Clinton appeals to Nevada Latinos in emotional ad
The Clinton campaign released a heart-tugging ad Thursday morning in Nevada, featuring a 10-year-old girl who is worried her parents will be deported.
“My parents, they have a letter of deportation. I’m scared they are going to be deported,” the girl says to Clinton in the ad, filmed at a Las Vegas event last Sunday.
The former secretary of state tells the girl to come up to her. She pulls her on her lap and hugs her.
“Let me do the worrying. I’ll do all the worrying,” she says, adding that the girl is being very brave, and will need to be brave. “I’ll do everything I can to help, OK?”

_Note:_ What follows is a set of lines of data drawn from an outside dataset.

theorem proposition2:
  fixes src dst :: "'m::finite \<Rightarrow> 'n::finite"
    and z :: "real^'n" and T L Linv :: "real^'n^'n" and i0 :: 'n
    and omega_u :: "real^'n" and k :: real
    and theta :: "real \<Rightarrow> real^'n"
  defines "W \<equiv> ones_outer z"
    and "Qdd \<equiv> T ** Linv ** matrix_inv T"
    and "c \<equiv> (\<lambda>t. k *\<^sub>R (dst_mat dst *v (transpose (incidence_mat src dst) *v theta t)))"
  assumes graph_inj: "inj (\<lambda>e. (src e, dst e))"
    and no_loops: "\<forall>e. src e \<noteq> dst e"
    and conn: "strongly_connected src dst"
    and z_pos: "\<forall>i. z $ i > 0"
    and z_left: "z v* (dst_mat dst ** transpose (incidence_mat src dst)) = 0"
    and z_norm: "ones \<bullet> z = 1"
    and T_inv: "invertible T"
    and T_col: "\<forall>i. T $ i $ i0 = 1"
    and Tinv_row: "matrix_inv T $ i0 = z"
    and L_blk: "zero_first_block i0 L"
    and Linv_blk: "zero_first_block i0 Linv"
    and L_Linv: "L ** Linv = proj_off i0"
    and Linv_L: "Linv ** L = proj_off i0"
    and Q_decomp: "(dst_mat dst ** transpose (incidence_mat src dst)) = T ** L ** matrix_inv T"
    and k_pos: "k > 0"
    and ode: "\<forall>t\<ge>0. (theta has_vector_derivative (omega_u + c t)) (at t within {0..})"
  shows "(\<forall>t\<ge>0. theta t =
            (t *\<^sub>R W + (1 / k) *\<^sub>R (Qdd ** (mat_exp ((k * t) *\<^sub>R (dst_mat dst ** transpose (incidence_mat src dst))) - mat 1))) *v omega_u
            + mat_exp ((k * t) *\<^sub>R (dst_mat dst ** transpose (incidence_mat src dst))) *v theta 0)
       \<and> ((\<lambda>t. omega_u + c t) \<longlongrightarrow> W *v omega_u) at_top
       \<and> ((\<lambda>t. transpose (incidence_mat src dst) *v theta t) \<longlongrightarrow> - ((1 / k) *\<^sub>R (transpose (incidence_mat src dst) *v (Qdd *v omega_u)))) at_top"
proof -
  let ?B = "transpose (incidence_mat src dst)"
  define A where "A = k *\<^sub>R (dst_mat dst ** ?B)"
  define G where "G = (1 / k) *\<^sub>R Qdd"
  have G_A: "G ** A = mat 1 - W" and A_G: "A ** G = mat 1 - W" and G_W: "G ** W = 0"
    using pseudo_inverse_identities[OF T_inv T_col Tinv_row Linv_blk L_Linv Linv_L] k_pos
    unfolding A_def G_def Q_decomp Qdd_def W_def
    by (simp_all add: matrix_scalar_ac flip: scalar_matrix_assoc)
  have B_W: "?B ** W = 0" and A_W: "A ** W = 0"
    by (simp_all add: W_def A_def transpose_incidence_ones_outer flip: matrix_mul_assoc
        scalar_matrix_assoc)
  have c_eq: "c t = A *v theta t" for t
    by (simp add: c_def A_def del: transpose_matrix_vector
        flip: matrix_vector_mul_assoc scaleR_matrix_vector_assoc)
  have solution: "\<forall>t\<ge>0. theta t =
      (t *\<^sub>R W + G ** (mat_exp (t *\<^sub>R A) - mat 1)) *v omega_u + mat_exp (t *\<^sub>R A) *v theta 0"
    using ode by (auto simp: c_eq intro!: forced_linear_ode_solution[OF G_A A_G A_W])
  have "((\<lambda>t. mat_exp (t *\<^sub>R A)) \<longlongrightarrow> W) at_top"
    using laplacian_exp_tendsto[OF conn no_loops _ z_left z_norm k_pos] z_pos
    by (simp add: A_def W_def less_imp_le)
  note limits = forced_linear_ode_limits[OF solution this G_W A_W A_G B_W]
  have flow_limit_value: "- (?B *v (G *v omega_u)) = - ((1 / k) *\<^sub>R (?B *v (Qdd *v omega_u)))"
    by (simp add: G_def matrix_vector_mult_scaleR del: transpose_matrix_vector
        flip: scaleR_matrix_vector_assoc)
  have exp_arg: "(k * t) *\<^sub>R (dst_mat dst ** ?B) = t *\<^sub>R A"
    and Qdd_mult: "(1 / k) *\<^sub>R (Qdd ** M) = G ** M" for t M
    by (simp_all add: A_def G_def scalar_matrix_assoc mult.commute)
  show ?thesis
    unfolding c_eq exp_arg Qdd_mult flow_limit_value[symmetric] using solution limits by blast
qed

end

Clinton and Sanders are vying for the Hispanic vote in Nevada on Saturday’s caucus, which in 2008 made up 15 percent of voters. Clinton tends to poll stronger with minorities, and Nevada is the first early state that more closely resembles the country as a whole, demographically. (Iowa and New Hampshire are overwhelmingly white.) But her support in the state has been slipping in recent weeks, leaving her in a statistical tie with Sanders in the latest poll.
SLIDESHOW – Clinton and Sanders go head-to-head in Nevada >>>
At the last Democratic debate, Sanders repeatedly hit Clinton on immigration, homing in on her position that Central American unaccompanied minors fleeing violent home countries should be deported as a way of sending a message to families not to send their children on the dangerous journey north alone. Clinton has had trouble defending that position, which she shares with the Obama administration, without sounding cold.
“These are children who are leaving countries and neighborhoods where their lives are at stake,” Sanders said at the debate. “That was the fact. I don’t think we use them to send a message. I think we welcome them into this country and do the best we can to help them get their lives together.”
Sanders refused to vote for a 2007 reform bill that would have legalized millions of immigrants because of concerns he had about its guest worker program. Clinton voted for the bill.